(* For a $*$-ring $R$ the following are equivalent: (1) $R$ is a generalized p.q.-Baer $*$-ring; (2) $R$ has a unity, and for every $x\in R$ there exist a central projection $e$ and $n\in\mathbb N$ such that $r_R((xR)^n)=r_R((eR)^n)$.
   Context: A $*$-ring is a ring with an involution; a projection is $e$ with $e=e^*=e^2$. $r_R(S)=\{a\in R: sa=0\ \forall s\in S\}$. $R$ is a generalized p.q.-Baer $*$-ring if for every $x\in R$ there are $n\in\mathbb N$ and a projection $e$ with $r_R((xR)^n)=eR$ (equivalently, for every principal ideal $I$, $r_R(I^n)=eR$ for some $n$ and projection $e$). *)

theory Defs
  imports Main
begin

text \<open>Rings are associative, not necessarily unital (type class ring).
  An involution on a ring.\<close>
definition is_involution :: "('a::ring \<Rightarrow> 'a) \<Rightarrow> bool" where
  "is_involution star \<longleftrightarrow>
     (\<forall>x y. star (x + y) = star x + star y) \<and>
     (\<forall>x y. star (x * y) = star y * star x) \<and>
     (\<forall>x. star (star x) = x)"

definition is_projection :: "('a::ring \<Rightarrow> 'a) \<Rightarrow> 'a \<Rightarrow> bool" where
  "is_projection star e \<longleftrightarrow> e = star e \<and> e * e = e"

definition is_central :: "'a::ring \<Rightarrow> bool" where
  "is_central e \<longleftrightarrow> (\<forall>y. e * y = y * e)"

definition has_unity :: "'a::ring itself \<Rightarrow> bool" where
  "has_unity _ \<longleftrightarrow> (\<exists>u::'a. \<forall>y. u * y = y \<and> y * u = y)"

definition rmul_set :: "'a::ring \<Rightarrow> 'a set" where
  "rmul_set x = {x * r | r. True}"

definition r_ann :: "'a::ring set \<Rightarrow> 'a set" where
  "r_ann S = {a. \<forall>s\<in>S. s * a = 0}"

inductive_set add_closure :: "'a::ring set \<Rightarrow> 'a set" for S where
  zero: "0 \<in> add_closure S"
| base: "s \<in> S \<Longrightarrow> s \<in> add_closure S"
| add: "a \<in> add_closure S \<Longrightarrow> b \<in> add_closure S \<Longrightarrow> a + b \<in> add_closure S"
| neg: "a \<in> add_closure S \<Longrightarrow> - a \<in> add_closure S"

definition set_prod :: "'a::ring set \<Rightarrow> 'a set \<Rightarrow> 'a set" where
  "set_prod A B = add_closure {a * b | a b. a \<in> A \<and> b \<in> B}"

text \<open>Power I^n of a (one-sided) ideal I, for n \<ge> 1 (I^1 = I).\<close>
fun ideal_pow :: "'a::ring set \<Rightarrow> nat \<Rightarrow> 'a set" where
  "ideal_pow I 0 = UNIV"
| "ideal_pow I (Suc 0) = I"
| "ideal_pow I (Suc (Suc n)) = set_prod (ideal_pow I (Suc n)) I"

definition gen_pq_baer :: "('a::ring \<Rightarrow> 'a) \<Rightarrow> bool" where
  "gen_pq_baer star \<longleftrightarrow>
     (\<forall>x::'a. \<exists>n\<ge>1. \<exists>e. is_projection star e \<and>
        r_ann (ideal_pow (rmul_set x) n) = rmul_set e)"

end

theory Submission
  imports Defs
begin

text \<open>Taking \<open>x = 0\<close> in the Baer condition gives a projection \<open>e\<^sub>0\<close> with \<open>e\<^sub>0R = R\<close>; by the
  involution \<open>e\<^sub>0\<close> is a two-sided unity. If \<open>r((xR)\<^sup>n) = eR\<close> for a projection \<open>e\<close>, then \<open>eR\<close>,
  being the annihilator of a right ideal, is a left ideal, so \<open>ere = re\<close>; applying the involution
  gives \<open>ere = er\<close>, hence \<open>e\<close> is central. Finally, for a central projection \<open>f\<close> of a unital
  ring, \<open>(fR)\<^sup>n = fR\<close> and \<open>r(fR) = (1 - f)R\<close>, where \<open>1 - f\<close> is again a central projection;
  so both conditions just trade \<open>e\<close> for its complement \<open>1 - e\<close>.\<close>

lemma add_closure_subset:
  assumes "0 \<in> A" "\<And>a b. a \<in> A \<Longrightarrow> b \<in> A \<Longrightarrow> a + b \<in> A" "\<And>a. a \<in> A \<Longrightarrow> - a \<in> A" "S \<subseteq> A"
  shows "add_closure S \<subseteq> A"
proof
  fix y assume "y \<in> add_closure S"
  then show "y \<in> A"
    by induction (use assms in auto)
qed

definition right_closed :: "'a::ring set \<Rightarrow> bool" where
  "right_closed J \<longleftrightarrow> (\<forall>s\<in>J. \<forall>r. s * r \<in> J)"

lemma right_closed_rmul_set: "right_closed (rmul_set x)"
  by (auto simp: right_closed_def rmul_set_def mult.assoc)

lemma right_closed_set_prod:
  assumes "right_closed B"
  shows "right_closed (set_prod A B)"
  unfolding right_closed_def set_prod_def
proof (intro ballI allI)
  fix s r assume "s \<in> add_closure {a * b |a b. a \<in> A \<and> b \<in> B}"
  then show "s * r \<in> add_closure {a * b |a b. a \<in> A \<and> b \<in> B}"
  proof induction
    case (base s)
    then obtain a b where "s = a * b" "a \<in> A" "b \<in> B" by blast
    moreover have "b * r \<in> B" using assms \<open>b \<in> B\<close> by (simp add: right_closed_def)
    ultimately show ?case by (intro add_closure.base) (auto simp: mult.assoc)
  qed (simp_all add: distrib_right add_closure.intros)
qed

lemma right_closed_ideal_pow:
  assumes "right_closed I" "n \<ge> 1"
  shows "right_closed (ideal_pow I n)"
  using assms(2)
proof (induction n rule: nat_induct_at_least)
  case (Suc n)
  then obtain m where "n = Suc m" by (cases n) auto
  with assms(1) show ?case by (simp add: right_closed_set_prod)
qed (simp add: assms(1))

lemma r_ann_left_closed:
  assumes "right_closed J" "a \<in> r_ann J"
  shows "r * a \<in> r_ann J"
  using assms unfolding right_closed_def r_ann_def by (simp add: mult.assoc[symmetric])

lemma ideal_pow_rmul_set_zero: "n \<ge> 1 \<Longrightarrow> ideal_pow (rmul_set (0::'a::ring)) n \<subseteq> {0}"
proof (induction n rule: nat_induct_at_least)
  case (Suc n)
  then obtain m where "n = Suc m" by (cases n) auto
  moreover have "set_prod (ideal_pow (rmul_set (0::'a)) n) (rmul_set 0) \<subseteq> {0}"
    unfolding set_prod_def by (rule add_closure_subset) (auto simp: rmul_set_def)
  ultimately show ?case by simp
qed (auto simp: rmul_set_def)

lemma r_ann_ideal_pow_rmul_set_zero: "n \<ge> 1 \<Longrightarrow> r_ann (ideal_pow (rmul_set (0::'a::ring)) n) = UNIV"
  using ideal_pow_rmul_set_zero unfolding r_ann_def by fastforce

lemma set_prod_rmul_set_idem:
  assumes "e * e = (e::'a::ring)"
  shows "set_prod (rmul_set e) (rmul_set e) = rmul_set e"
proof
  show "set_prod (rmul_set e) (rmul_set e) \<subseteq> rmul_set e"
    unfolding set_prod_def
  proof (rule add_closure_subset)
    show "0 \<in> rmul_set e"
      unfolding rmul_set_def by (metis (mono_tags) mem_Collect_eq mult_zero_right)
    show "a + b \<in> rmul_set e" if ab: "a \<in> rmul_set e" "b \<in> rmul_set e" for a b
    proof -
      obtain r s where "a = e * r" "b = e * s" using ab unfolding rmul_set_def by blast
      then have "a + b = e * (r + s)" by (simp add: distrib_left)
      then show ?thesis unfolding rmul_set_def by blast
    qed
    show "- a \<in> rmul_set e" if a: "a \<in> rmul_set e" for a
    proof -
      obtain r where "a = e * r" using a unfolding rmul_set_def by blast
      then have "- a = e * (- r)" by simp
      then show ?thesis unfolding rmul_set_def by blast
    qed
    show "{a * b |a b. a \<in> rmul_set e \<and> b \<in> rmul_set e} \<subseteq> rmul_set e"
    proof
      fix y assume "y \<in> {a * b |a b. a \<in> rmul_set e \<and> b \<in> rmul_set e}"
      then obtain r s where "y = e * (r * (e * s))" unfolding rmul_set_def by (auto simp: mult.assoc)
      then show "y \<in> rmul_set e" unfolding rmul_set_def by blast
    qed
  qed
  show "rmul_set e \<subseteq> set_prod (rmul_set e) (rmul_set e)"
  proof
    fix y assume "y \<in> rmul_set e"
    then obtain r where "y = e * r" unfolding rmul_set_def by blast
    then have "y = e * (e * r)" using assms by (simp add: mult.assoc[symmetric])
    moreover have "e \<in> rmul_set e" "e * r \<in> rmul_set e"
      using assms unfolding rmul_set_def by (metis (mono_tags) mem_Collect_eq)+
    ultimately show "y \<in> set_prod (rmul_set e) (rmul_set e)"
      unfolding set_prod_def by (intro add_closure.base) blast
  qed
qed

lemma ideal_pow_rmul_set_idem:
  assumes "e * e = (e::'a::ring)" "n \<ge> 1"
  shows "ideal_pow (rmul_set e) n = rmul_set e"
  using assms(2)
proof (induction n rule: nat_induct_at_least)
  case (Suc n)
  then obtain m where "n = Suc m" by (cases n) auto
  with Suc.IH show ?case by (simp add: set_prod_rmul_set_idem[OF assms(1)])
qed simp

lemma r_ann_rmul_set_central_idem:
  assumes u: "\<And>y. u * y = y \<and> y * u = y" and "is_central e" "e * e = (e::'a::ring)"
  shows "r_ann (rmul_set e) = rmul_set (u - e)"
proof
  show "r_ann (rmul_set e) \<subseteq> rmul_set (u - e)"
  proof
    fix a assume "a \<in> r_ann (rmul_set e)"
    then have "e * u * a = 0" unfolding r_ann_def rmul_set_def by blast
    then have "a = (u - e) * a" using u by (simp add: left_diff_distrib)
    then show "a \<in> rmul_set (u - e)" unfolding rmul_set_def by blast
  qed
  show "rmul_set (u - e) \<subseteq> r_ann (rmul_set e)"
  proof
    fix a assume "a \<in> rmul_set (u - e)"
    then obtain b where b: "a = (u - e) * b" unfolding rmul_set_def by blast
    have "e * r * a = r * (e * (u - e)) * b" for r
      using \<open>is_central e\<close> b unfolding is_central_def by (simp add: mult.assoc)
    moreover have "e * (u - e) = 0" using u \<open>e * e = e\<close> by (simp add: right_diff_distrib)
    ultimately show "a \<in> r_ann (rmul_set e)" unfolding r_ann_def rmul_set_def by auto
  qed
qed

lemma r_ann_ideal_pow_central_idem:
  assumes "\<And>y. u * y = y \<and> y * u = y" "is_central e" "e * e = (e::'a::ring)" "n \<ge> 1"
  shows "r_ann (ideal_pow (rmul_set e) n) = rmul_set (u - e)"
  using assms by (simp add: ideal_pow_rmul_set_idem r_ann_rmul_set_central_idem)

lemma involution_diff:
  assumes "is_involution star"
  shows "star (x - y) = star x - star y"
proof -
  have "star (x - y) + star y = star x"
    using assms unfolding is_involution_def by (metis diff_add_cancel)
  then show ?thesis by (simp add: eq_diff_eq)
qed

lemma involution_unity:
  assumes "is_involution star" and u: "\<And>y. u * y = y \<and> y * u = y"
  shows "star u = u"
proof -
  have star_mult: "star (x * y) = star y * star x" and star_star: "star (star x) = x" for x y
    using assms(1) unfolding is_involution_def by auto
  have "star u * y = y" for y
  proof -
    have "star u * y = star (star y * u)" by (simp add: star_mult star_star)
    then show ?thesis using u star_star by simp
  qed
  then show ?thesis using u by metis
qed

lemma projection_complement:
  assumes "is_involution star" and u: "\<And>y. u * y = y \<and> y * u = y"
    and "is_projection star e" "is_central e"
  shows "is_projection star (u - e)" "is_central (u - e)"
proof -
  have ee: "e * e = e" "star e = e" using assms(3) unfolding is_projection_def by auto
  have "(u - e) * (u - e) = u - e"
    using u ee(1) by (simp add: left_diff_distrib right_diff_distrib)
  then show "is_projection star (u - e)"
    unfolding is_projection_def
    using involution_diff[OF assms(1)] involution_unity[OF assms(1) u] ee(2) by simp
  show "is_central (u - e)"
    using u assms(4) unfolding is_central_def by (simp add: left_diff_distrib right_diff_distrib)
qed

lemma projection_central_if_left_closed:
  assumes "is_involution star" "is_projection star e"
    and left: "\<And>r. r * e \<in> rmul_set e"
  shows "is_central e"
proof -
  have ee: "e * e = e" "star e = e" using assms(2) unfolding is_projection_def by auto
  have ere: "e * r * e = r * e" for r
  proof -
    obtain t where "r * e = e * t" using left[of r] unfolding rmul_set_def by blast
    then show ?thesis using ee by (metis mult.assoc)
  qed
  have "e * r * e = e * r" for r
  proof -
    have "star (e * star r * e) = star (star r * e)" using ere[of "star r"] by simp
    then show ?thesis using assms(1) ee unfolding is_involution_def by (simp add: mult.assoc)
  qed
  then show ?thesis unfolding is_central_def using ere by simp
qed

lemma gen_pq_baer_unity:
  fixes star :: "'a::ring \<Rightarrow> 'a"
  assumes "is_involution star" "gen_pq_baer star"
  obtains u where "\<And>y::'a. u * y = y \<and> y * u = y"
proof -
  obtain n e where "n \<ge> 1" "is_projection star e"
    and "r_ann (ideal_pow (rmul_set (0::'a)) n) = rmul_set e"
    using assms(2) unfolding gen_pq_baer_def by blast
  then have onto: "\<exists>t. y = e * t" for y
    using r_ann_ideal_pow_rmul_set_zero unfolding rmul_set_def by blast
  have ee: "e * e = e" "star e = e" using \<open>is_projection star e\<close> unfolding is_projection_def by auto
  have left: "e * y = y" for y using onto[of y] ee by (metis mult.assoc)
  have right: "y * e = y" for y
    using left[of "star y"] ee assms(1) unfolding is_involution_def by metis
  show ?thesis by (rule that[of e]) (simp add: left right)
qed

lemma gen_pq_baer_central_annihilator:
  fixes star :: "'a::ring \<Rightarrow> 'a" and u :: 'a
  assumes "is_involution star" "gen_pq_baer star" and u: "\<And>y. u * y = y \<and> y * u = y"
  shows "\<exists>e. \<exists>n\<ge>1. is_projection star e \<and> is_central e \<and>
    r_ann (ideal_pow (rmul_set x) n) = r_ann (ideal_pow (rmul_set e) n)"
proof -
  obtain n e where n: "n \<ge> 1" and e: "is_projection star e"
    and h: "r_ann (ideal_pow (rmul_set x) n) = rmul_set e"
    using assms(2) unfolding gen_pq_baer_def by blast
  have "e \<in> rmul_set e" using e unfolding is_projection_def rmul_set_def by (metis (mono_tags) mem_Collect_eq)
  then have "r * e \<in> rmul_set e" for r
    using r_ann_left_closed[OF right_closed_ideal_pow[OF right_closed_rmul_set n]] h by blast
  then have c: "is_central e" using projection_central_if_left_closed[OF assms(1) e] by blast
  define f where "f = u - e"
  have f: "is_projection star f" "is_central f"
    using projection_complement[OF assms(1) u e c] unfolding f_def by auto
  then have "r_ann (ideal_pow (rmul_set f) n) = rmul_set (u - f)"
    using r_ann_ideal_pow_central_idem[OF u _ _ n] unfolding is_projection_def by simp
  also have "u - f = e" unfolding f_def by simp
  finally show ?thesis using h n f by metis
qed

lemma central_annihilator_gen_pq_baer:
  fixes star :: "'a::ring \<Rightarrow> 'a" and u :: 'a
  assumes "is_involution star" and u: "\<And>y. u * y = y \<and> y * u = y"
    and A: "\<forall>x. \<exists>e. \<exists>n\<ge>1. is_projection star e \<and> is_central e \<and>
      r_ann (ideal_pow (rmul_set x) n) = r_ann (ideal_pow (rmul_set e) n)"
  shows "gen_pq_baer star"
  unfolding gen_pq_baer_def
proof
  fix x :: 'a
  obtain e n where n: "n \<ge> 1" and e: "is_projection star e" "is_central e"
    and h: "r_ann (ideal_pow (rmul_set x) n) = r_ann (ideal_pow (rmul_set e) n)"
    using A by blast
  have "r_ann (ideal_pow (rmul_set x) n) = rmul_set (u - e)"
    using h e r_ann_ideal_pow_central_idem[OF u _ _ n] unfolding is_projection_def by simp
  with n projection_complement[OF assms(1) u e]
  show "\<exists>n\<ge>1. \<exists>e. is_projection star e \<and> r_ann (ideal_pow (rmul_set x) n) = rmul_set e"
    by blast
qed

theorem mainTheorem7:
  fixes star :: "'a::ring \<Rightarrow> 'a"
  assumes "is_involution star"
  shows "gen_pq_baer star \<longleftrightarrow>
    (has_unity TYPE('a) \<and>
     (\<forall>x::'a. \<exists>e. \<exists>n\<ge>1. is_projection star e \<and> is_central e \<and>
        r_ann (ideal_pow (rmul_set x) n) = r_ann (ideal_pow (rmul_set e) n)))" (is "_ \<longleftrightarrow> ?unity \<and> ?central")
proof
  assume G: "gen_pq_baer star"
  then obtain u :: 'a where u: "\<And>y. u * y = y \<and> y * u = y"
    using gen_pq_baer_unity[OF assms] by blast
  then show "?unity \<and> ?central"
    unfolding has_unity_def using gen_pq_baer_central_annihilator[OF assms G u] by blast
next
  assume "?unity \<and> ?central"
  then show "gen_pq_baer star"
    unfolding has_unity_def using central_annihilator_gen_pq_baer[OF assms] by blast
qed

end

**Task requirements**:
Reproduce verbatim only the segment of the listing bounded by the line containing "a unfolding rmul_set_def by blast" and the line containing "r \<in> rmul_set", with both boundary lines included.

**Answer to the exercise**:
      obtain r where "a = e * r" using a unfolding rmul_set_def by blast
      then have "- a = e * (- r)" by simp
      then show ?thesis unfolding rmul_set_def by blast
    qed
    show "{a * b |a b. a \<in> rmul_set e \<and> b \<in> rmul_set e} \<subseteq> rmul_set e"
    proof
      fix y assume "y \<in> {a * b |a b. a \<in> rmul_set e \<and> b \<in> rmul_set e}"
      then obtain r s where "y = e * (r * (e * s))" unfolding rmul_set_def by (auto simp: mult.assoc)
      then show "y \<in> rmul_set e" unfolding rmul_set_def by blast
    qed
  qed
  show "rmul_set e \<subseteq> set_prod (rmul_set e) (rmul_set e)"
  proof
    fix y assume "y \<in> rmul_set e"
    then obtain r where "y = e * r" unfolding rmul_set_def by blast
    then have "y = e * (e * r)" using assms by (simp add: mult.assoc[symmetric])
    moreover have "e \<in> rmul_set e" "e * r \<in> rmul_set e"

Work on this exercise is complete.